Kennedy cements his place in New Zealand racing

By Dennis Ryan

4 Jan 2023

Kennedy cements his place in New Zealand racingFormer champion South African jockey Warren Kennedy lands another big win on Aquacade in the Dunstan

After a whirlwind two months since arriving from his native South Africa, Warren Kennedy has every reason to state that his future belongs in New Zealand.
A Boxing Day hat-trick at Pukekohe headed by the Gr. 1 Zabeel Classic on Defibrillate was followed by another treble at Te Rapa on New Year’s Day comprising the Gr. 2 Auckland Guineas, Gr. 3 Queen Elizabeth ll Cup and Dunstan Feeds Stayers Final.

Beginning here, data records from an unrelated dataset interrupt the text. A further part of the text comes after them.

(* Let $\mu\in\mathbb{R}$, $c\ge 0$, $\sigma>0$, $\eta_c>0$, $\eta_s>0$. Let $u_c^*$ be the optimal value of $$\max_{p_0\in\mathbb{R},\,r\in[0,1]}\; p_0+r\mu-c-\eta_c r^2\sigma^2 \quad\text{subject to}\quad (1-r)\mu-p_0-\eta_s(1-r)^2\sigma^2\ge 0,$$ and let $u_{c,r=0}^*$ be the optimal value of the same problem with $r$ fixed to $0$ (so $u_{c,r=0}^*=\mu-c-\eta_s\sigma^2$). Then $$\Delta:=u_c^*-u_{c,r=0}^*=\sigma^2\frac{\eta_s^2}{\eta_s+\eta_c},$$ and $\Delta$ is increasing in $\sigma$, increasing in $\eta_s$, and decreasing in $\eta_c$.
   Context: Interpretation: a creator (cost $c$) sells an NFT at mint price $p_0$ with royalty rate $r$ to a speculator, who resells it to an end-buyer at the realized valuation $V$ with $\mathbb{E}[V]=\mu$, $\mathrm{Var}(V)=\sigma^2$. Creator profit is $p_0+rV-c$, speculator profit is $(1-r)V-p_0$; both agents have mean-variance utility $\mathbb{E}[\text{profit}]-\eta\,\mathrm{Var}[\text{profit}]$ with risk-aversion coefficients $\eta_c$ (creator) and $\eta_s$ (speculator). The constraint is the speculator's participation constraint. *)

theory Defs
  imports Complex_Main
begin

definition creator_obj :: "real \<Rightarrow> real \<Rightarrow> real \<Rightarrow> real \<Rightarrow> real \<Rightarrow> real \<Rightarrow> real" where
  "creator_obj mu c sigma eta_c p0 r = p0 + r * mu - c - eta_c * r\<^sup>2 * sigma\<^sup>2"

definition spec_participates :: "real \<Rightarrow> real \<Rightarrow> real \<Rightarrow> real \<Rightarrow> real \<Rightarrow> bool" where
  "spec_participates mu sigma eta_s p0 r \<longleftrightarrow> (1 - r) * mu - p0 - eta_s * (1 - r)\<^sup>2 * sigma\<^sup>2 \<ge> 0"

definition u_star :: "real \<Rightarrow> real \<Rightarrow> real \<Rightarrow> real \<Rightarrow> real \<Rightarrow> real" where
  "u_star mu c sigma eta_s eta_c =
     Sup {creator_obj mu c sigma eta_c p0 r | p0 r. r \<in> {0..1} \<and> spec_participates mu sigma eta_s p0 r}"

definition u_star_r0 :: "real \<Rightarrow> real \<Rightarrow> real \<Rightarrow> real \<Rightarrow> real \<Rightarrow> real" where
  "u_star_r0 mu c sigma eta_s eta_c =
     Sup {creator_obj mu c sigma eta_c p0 0 | p0. spec_participates mu sigma eta_s p0 0}"

definition royalty_gain :: "real \<Rightarrow> real \<Rightarrow> real \<Rightarrow> real \<Rightarrow> real \<Rightarrow> real" where
  "royalty_gain mu c sigma eta_s eta_c = u_star mu c sigma eta_s eta_c - u_star_r0 mu c sigma eta_s eta_c"

end

theory Submission
  imports Defs
begin

text \<open>The speculator's participation constraint binds at the optimum, so the creator's value
  at royalty rate \<open>r\<close> is \<open>\<mu> - c - \<sigma>\<^sup>2 (\<eta>\<^sub>s (1 - r)\<^sup>2 + \<eta>\<^sub>c r\<^sup>2)\<close>: the creator absorbs the total
  risk premium of both agents. That premium is minimised by the risk-sharing rate
  \<open>r = \<eta>\<^sub>s / (\<eta>\<^sub>s + \<eta>\<^sub>c)\<close>, where it equals \<open>\<sigma>\<^sup>2 \<eta>\<^sub>s \<eta>\<^sub>c / (\<eta>\<^sub>s + \<eta>\<^sub>c)\<close>, whereas at \<open>r = 0\<close> it is
  \<open>\<sigma>\<^sup>2 \<eta>\<^sub>s\<close>.\<close>

lemma weighted_squares_identity:
  fixes a b t :: real
  shows "(a + b) * (a * (1 - t)\<^sup>2 + b * t\<^sup>2) = a * b + (a - (a + b) * t)\<^sup>2"
  by (simp add: power2_eq_square algebra_simps)

lemma weighted_squares_ge:
  fixes a b t :: real
  assumes "a + b > 0"
  shows "a * b / (a + b) \<le> a * (1 - t)\<^sup>2 + b * t\<^sup>2"
proof -
  have "a * b \<le> (a + b) * (a * (1 - t)\<^sup>2 + b * t\<^sup>2)"
    unfolding weighted_squares_identity by simp
  with assms show ?thesis
    by (simp add: divide_le_eq mult.commute)
qed

lemma weighted_squares_at_minimizer:
  fixes a b :: real
  assumes "a + b > 0"
  shows "a * (1 - a / (a + b))\<^sup>2 + b * (a / (a + b))\<^sup>2 = a * b / (a + b)"
proof -
  have "(a + b) * (a * (1 - a / (a + b))\<^sup>2 + b * (a / (a + b))\<^sup>2) = a * b"
    using assms unfolding weighted_squares_identity by simp
  with assms show ?thesis
    by (simp add: eq_divide_eq mult.commute)
qed

lemma creator_obj_le_if_participates:
  assumes "spec_participates mu sigma eta_s p0 r"
  shows "creator_obj mu c sigma eta_c p0 r
           \<le> mu - c - sigma\<^sup>2 * (eta_s * (1 - r)\<^sup>2 + eta_c * r\<^sup>2)"
  using assms by (simp add: creator_obj_def spec_participates_def algebra_simps)

definition binding_price :: "real \<Rightarrow> real \<Rightarrow> real \<Rightarrow> real \<Rightarrow> real" where
  "binding_price mu sigma eta_s r = (1 - r) * mu - eta_s * (1 - r)\<^sup>2 * sigma\<^sup>2"

lemma spec_participates_binding_price:
  "spec_participates mu sigma eta_s (binding_price mu sigma eta_s r) r"
  by (simp add: spec_participates_def binding_price_def)

lemma creator_obj_binding_price:
  "creator_obj mu c sigma eta_c (binding_price mu sigma eta_s r) r
     = mu - c - sigma\<^sup>2 * (eta_s * (1 - r)\<^sup>2 + eta_c * r\<^sup>2)"
  by (simp add: creator_obj_def binding_price_def algebra_simps)

lemma u_star_eq:
  assumes "eta_s > 0" "eta_c > 0"
  shows "u_star mu c sigma eta_s eta_c = mu - c - sigma\<^sup>2 * (eta_s * eta_c / (eta_s + eta_c))"
  unfolding u_star_def
proof (rule cSup_eq_maximum)
  define r where "r = eta_s / (eta_s + eta_c)"
  have "r \<in> {0..1}"
    using assms by (simp add: r_def)
  moreover have "creator_obj mu c sigma eta_c (binding_price mu sigma eta_s r) r
      = mu - c - sigma\<^sup>2 * (eta_s * eta_c / (eta_s + eta_c))"
    using assms unfolding creator_obj_binding_price r_def
    by (simp add: weighted_squares_at_minimizer)
  ultimately show "mu - c - sigma\<^sup>2 * (eta_s * eta_c / (eta_s + eta_c))
      \<in> {creator_obj mu c sigma eta_c p0 r | p0 r. r \<in> {0..1} \<and> spec_participates mu sigma eta_s p0 r}"
    using spec_participates_binding_price by (metis (mono_tags, lifting) mem_Collect_eq)
next
  fix x
  assume "x \<in> {creator_obj mu c sigma eta_c p0 r | p0 r. r \<in> {0..1} \<and> spec_participates mu sigma eta_s p0 r}"
  then obtain p0 r where x: "x = creator_obj mu c sigma eta_c p0 r"
    and participates: "spec_participates mu sigma eta_s p0 r"
    by blast
  have "x \<le> mu - c - sigma\<^sup>2 * (eta_s * (1 - r)\<^sup>2 + eta_c * r\<^sup>2)"
    unfolding x using participates by (rule creator_obj_le_if_participates)
  also have "\<dots> \<le> mu - c - sigma\<^sup>2 * (eta_s * eta_c / (eta_s + eta_c))"
    using assms by (intro diff_left_mono mult_left_mono weighted_squares_ge) auto
  finally show "x \<le> mu - c - sigma\<^sup>2 * (eta_s * eta_c / (eta_s + eta_c))" .
qed

lemma u_star_r0_eq: "u_star_r0 mu c sigma eta_s eta_c = mu - c - sigma\<^sup>2 * eta_s"
  unfolding u_star_r0_def
proof (rule cSup_eq_maximum)
  have "creator_obj mu c sigma eta_c (binding_price mu sigma eta_s 0) 0 = mu - c - sigma\<^sup>2 * eta_s"
    by (simp add: creator_obj_binding_price)
  then show "mu - c - sigma\<^sup>2 * eta_s
      \<in> {creator_obj mu c sigma eta_c p0 0 | p0. spec_participates mu sigma eta_s p0 0}"
    using spec_participates_binding_price by (metis (mono_tags, lifting) mem_Collect_eq)
next
  fix x
  assume "x \<in> {creator_obj mu c sigma eta_c p0 0 | p0. spec_participates mu sigma eta_s p0 0}"
  then show "x \<le> mu - c - sigma\<^sup>2 * eta_s"
    using creator_obj_le_if_participates[where r = 0] by auto
qed

lemma royalty_gain_eq:
  assumes "eta_s > 0" "eta_c > 0"
  shows "royalty_gain mu c sigma eta_s eta_c = sigma\<^sup>2 * (eta_s\<^sup>2 / (eta_s + eta_c))"
  using assms unfolding royalty_gain_def u_star_eq[OF assms] u_star_r0_eq
  by (simp add: field_simps power2_eq_square)

lemma square_div_add_strict_mono:
  fixes x y b :: real
  assumes "0 < x" "x < y" "b \<ge> 0"
  shows "x\<^sup>2 / (x + b) < y\<^sup>2 / (y + b)"
proof -
  have "0 < (y - x) * (x * y + b * (x + y))"
    using assms by (intro mult_pos_pos add_pos_nonneg) auto
  also have "\<dots> = y\<^sup>2 * (x + b) - x\<^sup>2 * (y + b)"
    by (simp add: power2_eq_square algebra_simps)
  finally have "x\<^sup>2 * (y + b) < y\<^sup>2 * (x + b)"
    by simp
  with assms show ?thesis
    by (simp add: divide_less_eq less_divide_eq mult.commute)
qed

theorem theorem2:
  fixes mu c sigma eta_s eta_c :: real
  assumes "c \<ge> 0" "sigma > 0" "eta_c > 0" "eta_s > 0"
  shows "royalty_gain mu c sigma eta_s eta_c = sigma\<^sup>2 * (eta_s\<^sup>2 / (eta_s + eta_c))
    \<and> (\<forall>s1 s2. 0 < s1 \<and> s1 < s2 \<longrightarrow>
           royalty_gain mu c s1 eta_s eta_c < royalty_gain mu c s2 eta_s eta_c)
    \<and> (\<forall>e1 e2. 0 < e1 \<and> e1 < e2 \<longrightarrow>
           royalty_gain mu c sigma e1 eta_c < royalty_gain mu c sigma e2 eta_c)
    \<and> (\<forall>e1 e2. 0 < e1 \<and> e1 < e2 \<longrightarrow>
           royalty_gain mu c sigma eta_s e2 < royalty_gain mu c sigma eta_s e1)"
proof (intro conjI allI impI)
  show "royalty_gain mu c sigma eta_s eta_c = sigma\<^sup>2 * (eta_s\<^sup>2 / (eta_s + eta_c))"
    using assms(4,3) by (rule royalty_gain_eq)
next
  fix s1 s2 :: real
  assume "0 < s1 \<and> s1 < s2"
  then show "royalty_gain mu c s1 eta_s eta_c < royalty_gain mu c s2 eta_s eta_c"
    using assms unfolding royalty_gain_eq[OF assms(4,3)]
    by (intro mult_strict_right_mono power_strict_mono) auto
next
  fix e1 e2 :: real
  assume e: "0 < e1 \<and> e1 < e2"
  then have "0 < e1" "0 < e2"
    by auto
  with e show "royalty_gain mu c sigma e1 eta_c < royalty_gain mu c sigma e2 eta_c"
    using assms unfolding royalty_gain_eq[OF \<open>0 < e1\<close> assms(3)] royalty_gain_eq[OF \<open>0 < e2\<close> assms(3)]
    by (intro mult_strict_left_mono square_div_add_strict_mono) auto
next
  fix e1 e2 :: real
  assume e: "0 < e1 \<and> e1 < e2"
  then have "0 < e1" "0 < e2"
    by auto
  with e show "royalty_gain mu c sigma eta_s e2 < royalty_gain mu c sigma eta_s e1"
    using assms unfolding royalty_gain_eq[OF assms(4) \<open>0 < e1\<close>] royalty_gain_eq[OF assms(4) \<open>0 < e2\<close>]
    by (intro mult_strict_left_mono divide_strict_left_mono) auto
qed

end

That form continued with a win in the first race at Tauranga the next day as Kennedy took his top-10 tally to 25 wins from 143 race rides, but a fall later on the same programme after his mount clipped heels meant a temporary halt to his trajectory.

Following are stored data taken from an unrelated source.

(* Let ${\bf u}:D_1\to\mathbb{C}^2$ be the map of the General Construction with $r_n=2^{-n+1}$ (so $r_1=1$), $p(n)=n$, and $F(n)=2^{n^2/2}$. Then ${\bf u}$ is smooth on $D_1$, vanishes to infinite order at the origin ($\|z^{-k}{\bf u}(z)\|\to 0$ as $z\to 0$ for every $k\ge 0$), ${\bf u}_z(z)\ne 0$ for $z\ne 0$, and there is a constant $C_1>0$ such that $$\frac{\|{\bf u}_{\bar z}(z)\|}{\|{\bf u}_z(z)\|}\le \frac{C_1}{-\log_2|z|}\quad\text{for all } z\in D_1\setminus\{0\}.$$
   Context: General Construction. Fix a smooth function $s:\mathbb{R}\to\mathbb{R}$ with $s\equiv 0$ on $[0,\tfrac14]$, $s$ increasing on $[\tfrac14,\tfrac34]$, $s(\tfrac12)=\tfrac12$, $s'(\tfrac12)=2$, $s''(\tfrac12)=0$, and $s\equiv 1$ on $[\tfrac34,1]$. Let $(r_n)_{n\ge 1}$ be a strictly decreasing sequence of positive reals with limit $0$, put $\Delta r_n=r_n-r_{n+1}$, let $D_{r_1}=\{|z|<r_1\}$, and let $A_n=\{z\in\mathbb{C}: r_{n+1}\le |z|\le r_n\}$. Define $\chi_n(z)=s\!\left(\frac{|z|-r_{n+1}}{\Delta r_n}\right)$ on $A_n$. Let $p(n)$ ($n\ge 0$) be an increasing sequence of nonnegative integers and $F(n)$ ($n\ge 0$) positive reals. Define ${\bf u}=(u^1,u^2):D_{r_1}\to\mathbb{C}^2$ by ${\bf u}(0)=(0,0)$ and, on $A_n$ with $n$ even, $u^1(z)=F(n)z^{p(n)}$, $u^2(z)=\chi_n(z)F(n-1)z^{p(n-1)}+(1-\chi_n(z))F(n+1)z^{p(n+1)}$; on $A_n$ with $n$ odd, the same formulas with the roles of $u^1$ and $u^2$ interchanged. ${\bf u}_z=(u^1_z,u^2_z)$, ${\bf u}_{\bar z}=(u^1_{\bar z},u^2_{\bar z})$ with $\partial_z=\frac12(\partial_x-i\partial_y)$, $\partial_{\bar z}=\frac12(\partial_x+i\partial_y)$; $\|\cdot\|$ is the Euclidean norm on $\mathbb{C}^2$. *)

theory Defs
  imports "HOL-Analysis.Analysis"
begin

fun Ck_on :: "nat \<Rightarrow> 'a::real_normed_vector set \<Rightarrow> ('a \<Rightarrow> 'b::real_normed_vector) \<Rightarrow> bool" where
  "Ck_on 0 S f = continuous_on S f"
| "Ck_on (Suc k) S f =
     (\<exists>f'. (\<forall>x\<in>S. (f has_derivative f' x) (at x)) \<and> (\<forall>v. Ck_on k S (\<lambda>x. f' x v)))"

definition smooth_on :: "'a::real_normed_vector set \<Rightarrow> ('a \<Rightarrow> 'b::real_normed_vector) \<Rightarrow> bool" where
  "smooth_on S f \<longleftrightarrow> (\<forall>k. Ck_on k S f)"

text \<open>Wirtinger derivatives, d/dz = (d/dx - i d/dy)/2, d/dzbar = (d/dx + i d/dy)/2,
  of a function C -> C (C viewed as R^2), via the real Frechet derivative.\<close>
definition dz :: "(complex \<Rightarrow> complex) \<Rightarrow> complex \<Rightarrow> complex" where
  "dz f z = (frechet_derivative f (at z) 1 - \<i> * frechet_derivative f (at z) \<i>) / 2"

definition dzbar :: "(complex \<Rightarrow> complex) \<Rightarrow> complex \<Rightarrow> complex" where
  "dzbar f z = (frechet_derivative f (at z) 1 + \<i> * frechet_derivative f (at z) \<i>) / 2"

text \<open>Componentwise for maps C -> C^2 (C^2 = complex \<times> complex, whose norm is Euclidean).\<close>
definition uz :: "(complex \<Rightarrow> complex \<times> complex) \<Rightarrow> complex \<Rightarrow> complex \<times> complex" where
  "uz u z = (dz (\<lambda>w. fst (u w)) z, dz (\<lambda>w. snd (u w)) z)"

definition uzbar :: "(complex \<Rightarrow> complex \<times> complex) \<Rightarrow> complex \<Rightarrow> complex \<times> complex" where
  "uzbar u z = (dzbar (\<lambda>w. fst (u w)) z, dzbar (\<lambda>w. snd (u w)) z)"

Once he had dusted himself off and stood down from his remaining rides as well as his Matamata engagements on Tuesday, Kennedy’s positive approach was undented. “Unfortunately these things happen but nothing serious,” he said. “So a couple of days off to recover and I’ll be back into it.”

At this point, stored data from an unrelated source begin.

(* Let $\mathcal{X}$ be a finite set, $\underline{Q}$ a lower transition rate operator on $\mathcal{L}(\mathcal{X})$ and $(\underline{Q}_n)_{n\in\mathbb{N}}$ a sequence of lower transition rate operators on $\mathcal{L}(\mathcal{X})$. Then $\|\underline{Q}_n-\underline{Q}\|\to0$ if and only if $\underline{Q}_nf\to\underline{Q}f$ for every $f\in\mathcal{L}(\mathcal{X})$.
   Context: $\mathcal{L}(\mathcal{X})$ is the set of real-valued functions on $\mathcal{X}$ with pointwise operations and order, real constants identified with constant functions, $\mathbb{I}_y$ the indicator of $\{y\}$, and maximum norm $\|f\|=\max_x|f(x)|$; for non-negatively homogeneous operators $A$, $\|A\|\coloneqq\sup\{\|Af\|\colon\|f\|=1\}$. A lower transition rate operator is a map $\underline{Q}\colon\mathcal{L}(\mathcal{X})\to\mathcal{L}(\mathcal{X})$ such that for all $f,g$, $\lambda\ge0$, $\mu\in\mathbb{R}$, $x,y\in\mathcal{X}$: $\underline{Q}(\mu)=0$; $\underline{Q}(f+g)\ge\underline{Q}f+\underline{Q}g$; $\underline{Q}(\lambda f)=\lambda\underline{Q}f$; $x\ne y\Rightarrow\underline{Q}(\mathbb{I}_y)(x)\ge0$. *)

theory Defs
  imports "HOL-Analysis.Analysis"
begin

text \<open>L(X) is represented by functions of type 'x \<Rightarrow> real with 'x a finite type.\<close>

definition indic1 :: "'x \<Rightarrow> 'x \<Rightarrow> real" where
  "indic1 y = (\<lambda>x. if x = y then 1 else 0)"

definition fnorm :: "('x::finite \<Rightarrow> real) \<Rightarrow> real" where
  "fnorm f = Max (range (\<lambda>x. \<bar>f x\<bar>))"

definition opnorm :: "(('x::finite \<Rightarrow> real) \<Rightarrow> ('x \<Rightarrow> real)) \<Rightarrow> real" where
  "opnorm A = Sup {fnorm (A f) | f. fnorm f = 1}"

definition lower_transition_rate_operator ::
  "(('x \<Rightarrow> real) \<Rightarrow> ('x \<Rightarrow> real)) \<Rightarrow> bool" where
  "lower_transition_rate_operator Q \<longleftrightarrow>
     (\<forall>\<mu>::real. Q (\<lambda>_. \<mu>) = (\<lambda>_. 0)) \<and>
     (\<forall>f g. \<forall>x. Q (\<lambda>z. f z + g z) x \<ge> Q f x + Q g x) \<and>
     (\<forall>f (c::real). c \<ge> 0 \<longrightarrow> Q (\<lambda>z. c * f z) = (\<lambda>x. c * Q f x)) \<and>
     (\<forall>x y. x \<noteq> y \<longrightarrow> Q (indic1 y) x \<ge> 0)"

Off the back of a standout holiday carnival haul, 42-year-old Kennedy has plenty to look forward to in the weeks ahead. Defibrillate, the horse that gave him his first New Zealand Group One success, is being aimed by trainers Graham Richardson and Rogan Norvall at the country’s richest weight-for-age race, the $450,000 Herbie Dyke Stakes at Te Rapa in the second week of February.
Before that Kennedy’s Queen Elizabeth ll Cup winner Dionysus will take on the Wellington Cup, while the Roger James/Robert Wellwood-trained stablemate Prowess booked her Karaka Million 3YO ticket with a dominant win in the Auckland Guineas. There are also horses carrying the Cambridge Stud colours to consider, amongst them the Lance Noble-trained Aquacade, who qualified for the Auckland Cup by winning the Dunstan Stayers Final.
It’s no surprise that Kennedy, a natural lightweight, has quickly aligned himself with quality stables. He arrived in New Zealand in mid-October with an impressive CV – South African premiership wins in 2019-20 and 2021-22 and an association with some of the republic’s best gallopers.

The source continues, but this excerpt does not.